The Inside of a Dormitory at Air Force Basic Training.

Copyright Rod Powers

The Army and Marines call them "barracks." The Navy calls them "ships." In the Air Force, your sleeping quarters in Air Force Basic Military Training (AFBMT) are called "dormitories," (or "dorms" for short). Don't let the name fool you, and don't confuse this with college campus dormitories. In Air Force basic training, like the other services, the "dorms" are large rooms with a whole bunch of bunks and lockers in them.

The dorms are housed in large buildings. Most of these dorms were constructed in the mid-70s. When I went through Air Force basic training in 1976, my flight spend half of our training in World War II quonset huts, and then moved to our brand new dormitory which had just opened (the current dormitories).

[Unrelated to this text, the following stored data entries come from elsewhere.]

lemma summable_norm_power_scaleC_mult:
  assumes q: "cmod q < 1"
  shows "summable (\<lambda>n. norm ((scaleC w (x * y)) ^ n))"
proof -
  define C where "C = cmod w * norm x * norm y"
  define f where "f n = C ^ n * cmod q ^ (\<Sum>i<n. i)" for n
  have f_nonneg: "f n \<ge> 0" for n by (simp add: f_def C_def)
  have bound: "norm ((scaleC w (x * y)) ^ n) \<le> f n" for n
  proof -
    have "norm ((scaleC w (x * y)) ^ n) = cmod w ^ n * cmod q ^ (\<Sum>i<n. i) * norm (x ^ n * y ^ n)"
      by (simp add: norm_scaleC_power power_mult_q norm_scaleC norm_power)
    also have "\<dots> \<le> cmod w ^ n * cmod q ^ (\<Sum>i<n. i) * (norm x ^ n * norm y ^ n)"
      by (intro mult_left_mono order_trans[OF norm_mult_ineq mult_mono] norm_power_ineq) auto
    also have "\<dots> = f n" by (simp add: f_def C_def power_mult_distrib)
    finally show ?thesis .
  qed
  have "(\<lambda>n. C * cmod q ^ n) \<longlonglongrightarrow> C * 0"
    by (intro tendsto_mult tendsto_const LIMSEQ_power_zero) (simp add: q)
  then have "eventually (\<lambda>n. C * cmod q ^ n < 1/2) sequentially"
    by (rule order_tendstoD(2)) simp
  then obtain N where N: "\<And>n. n \<ge> N \<Longrightarrow> C * cmod q ^ n < 1/2"
    unfolding eventually_sequentially by blast
  have "summable f"
  proof (rule summable_ratio_test[of "1/2" N])
    fix n assume "n \<ge> N"
    have "f (Suc n) = (C * cmod q ^ n) * f n" by (simp add: f_def power_add)
    also have "\<dots> \<le> 1/2 * f n" using N[OF \<open>n \<ge> N\<close>] f_nonneg[of n] by (intro mult_right_mono) auto
    finally show "norm (f (Suc n)) \<le> 1/2 * norm (f n)" using f_nonneg[of n] f_nonneg[of "Suc n"] by simp
  qed simp
  then show ?thesis by (rule summable_comparison_test[rotated]) (auto simp: bound)
qed

lemma mult_mem_quasinilpotents: "cmod q < 1 \<Longrightarrow> x * y \<in> quasinilpotents"
  unfolding quasinilpotents_iff_resolvent
  using neumann_series(1)[OF summable_norm_power_scaleC_mult] by blast

lemma commutator_generator_mem_ideal_gen:
  assumes "a \<in> subalg_gen x y" and "g = x \<or> g = y"
  shows "a * g - g * a \<in> ideal_gen (subalg_gen x y) (x * y)"
proof -
  have "x * y - y * x = scaleC (1 - q) (x * y)" "y * x - x * y = scaleC (q - 1) (x * y)"
    by (simp_all add: yx scaleC.scale_left_diff_distrib)
  then have "x * y - y * x \<in> ideal_gen (subalg_gen x y) (x * y)"
    "y * x - x * y \<in> ideal_gen (subalg_gen x y) (x * y)"
    by (simp_all add: ideal_gen.scale ideal_gen.gen)
  then have generators: "x * g - g * x \<in> ideal_gen (subalg_gen x y) (x * y)"
    "y * g - g * y \<in> ideal_gen (subalg_gen x y) (x * y)"
    using assms(2) by (auto simp: ideal_gen.zero)
  from assms(1) show ?thesis
  proof (induction rule: subalg_gen.induct)
    case (add a b)
    have "(a + b) * g - g * (a + b) = (a * g - g * a) + (b * g - g * b)" by (simp add: algebra_simps)
    then show ?case using add by (simp add: ideal_gen.add)
  next
    case (scale a c)
    have "scaleC c a * g - g * scaleC c a = scaleC c (a * g - g * a)"
      by (simp add: mult_scaleC_left mult_scaleC_right scaleC.scale_right_diff_distrib)
    then show ?case using scale by (simp add: ideal_gen.scale)
  next
    case (mult a b)
    have "a * b * g - g * (a * b) = a * (b * g - g * b) + (a * g - g * a) * b" by (simp add: algebra_simps)
    then show ?case using mult by (simp add: ideal_gen.add ideal_gen.mult_left ideal_gen.mult_right)
  qed (simp_all add: generators ideal_gen.zero)
qed

lemma commutator_mem_ideal_gen:
  assumes a: "a \<in> subalg_gen x y" and "b \<in> subalg_gen x y"
  shows "a * b - b * a \<in> ideal_gen (subalg_gen x y) (x * y)"
  using assms(2)
proof (induction rule: subalg_gen.induct)
  case (add b c)
  have "a * (b + c) - (b + c) * a = (a * b - b * a) + (a * c - c * a)" by (simp add: algebra_simps)
  then show ?case using add by (simp add: ideal_gen.add)
next
  case (scale b c)
  have "a * scaleC c b - scaleC c b * a = scaleC c (a * b - b * a)"
    by (simp add: mult_scaleC_left mult_scaleC_right scaleC.scale_right_diff_distrib)
  then show ?case using scale by (simp add: ideal_gen.scale)
next
  case (mult b c)
  have "a * (b * c) - b * c * a = (a * b - b * a) * c + b * (a * c - c * a)" by (simp add: algebra_simps)
  then show ?case using mult by (simp add: ideal_gen.add ideal_gen.mult_left ideal_gen.mult_right)
qed (simp_all add: ideal_gen.zero commutator_generator_mem_ideal_gen[OF a])

end

lemma ideal_gen_subset_jacobson_radical:
  assumes "(z::'a::complex_banach_algebra_1) \<in> jacobson_radical"
  shows "ideal_gen S z \<subseteq> jacobson_radical"
proof
  fix a assume "a \<in> ideal_gen S z"
  then show "a \<in> jacobson_radical"
  proof (induction rule: ideal_gen.induct)
    case (mult_left s a)
    then show ?case by (simp add: jacobson_radical_mult_left)
  next
    case (mult_right s a)
    then show ?case by (simp add: jacobson_radical_mult_right)
  qed (use assms in \<open>simp_all add: left_ideal_zero[OF left_ideal_jacobson_radical]
          left_ideal_add[OF left_ideal_jacobson_radical] left_ideal_scaleC[OF left_ideal_jacobson_radical]\<close>)
qed

lemma commutator_mem_closed_if_dense:
  fixes S C :: "'a::real_normed_algebra set"
  assumes "closure S = UNIV" "closed C" "\<And>a b. a \<in> S \<Longrightarrow> b \<in> S \<Longrightarrow> a * b - b * a \<in> C"
  shows "a * b - b * a \<in> C"
proof -
  have "(\<lambda>b. a * b - b * a) ` closure S \<subseteq> C" if "a \<in> S" for a
    using assms(2,3) that by (intro image_closure_subset continuous_intros) auto
  then have "(\<lambda>a. a * b - b * a) ` closure S \<subseteq> C"
    using assms(1,2) by (intro image_closure_subset continuous_intros) auto
  with assms(1) show ?thesis by blast
qed

theorem proposition3p1:
  fixes q :: complex and x y :: "'a::complex_banach_algebra_1"
  assumes "0 < cmod q" and "cmod q < 1"
    and "banach_q_plane q x y"
  shows "(I_xy x y \<subseteq> jacobson_radical \<longleftrightarrow> jacobson_radical = (quasinilpotents :: 'a set))
    \<and> (jacobson_radical = (quasinilpotents :: 'a set) \<longleftrightarrow>
         (\<forall>a b::'a. a * b - b * a \<in> jacobson_radical))"
proof -
  have xy: "x * y = scaleC (inverse q) (y * x)" and dense: "closure (subalg_gen x y) = UNIV"
    using assms(3) unfolding banach_q_plane_def by auto
  have yx: "y * x = scaleC q (x * y)"
    using assms(1) by (simp add: xy scaleC_scaleC)
  have ii_i: "I_xy x y \<subseteq> jacobson_radical" if "jacobson_radical = (quasinilpotents :: 'a set)"
  proof -
    have "x * y \<in> jacobson_radical" using that mult_mem_quasinilpotents[OF yx assms(2)] by simp
    then show ?thesis
      unfolding I_xy_def by (rule closure_minimal[OF ideal_gen_subset_jacobson_radical closed_jacobson_radical])
  qed
  have i_iii: "a * b - b * a \<in> jacobson_radical" if "I_xy x y \<subseteq> jacobson_radical" for a b :: 'a
  proof (rule commutator_mem_closed_if_dense[OF dense closed_jacobson_radical])
    fix a b assume "a \<in> subalg_gen x y" "b \<in> subalg_gen x y"
    then show "a * b - b * a \<in> jacobson_radical"
      using that commutator_mem_ideal_gen[OF yx] closure_subset unfolding I_xy_def by blast
  qed
  have iii_ii: "jacobson_radical = (quasinilpotents :: 'a set)"
    if "\<forall>a b::'a. a * b - b * a \<in> jacobson_radical"
    using that quasinilpotents_subset_jacobson_radical jacobson_radical_subset_quasinilpotents by blast
  show ?thesis using ii_i i_iii iii_ii by blast
qed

While these buildings are now more than 40 years old, they are very, very, very clean. Why not? They've had years and years of recruits going through who have spent a substantial number of hours keeping them that way. Most dormitory buildings are three stories tall. The drill pad, chow hall, laundry, and administrative offices are located on the first floor, and the dorm bays are located on the second and third floors.

Each dorm consists of two bays (two very large rooms), with bunks and lockers aligned along two walls. The dorm also has an office for the staff, a large bathroom/shower (called a "latrine"), and a dayroom. Don't get excited about the dayroom. You don't get to spend any time relaxing in it. It's used by the T.I. for flight events, such as training demonstration, and during mail-call.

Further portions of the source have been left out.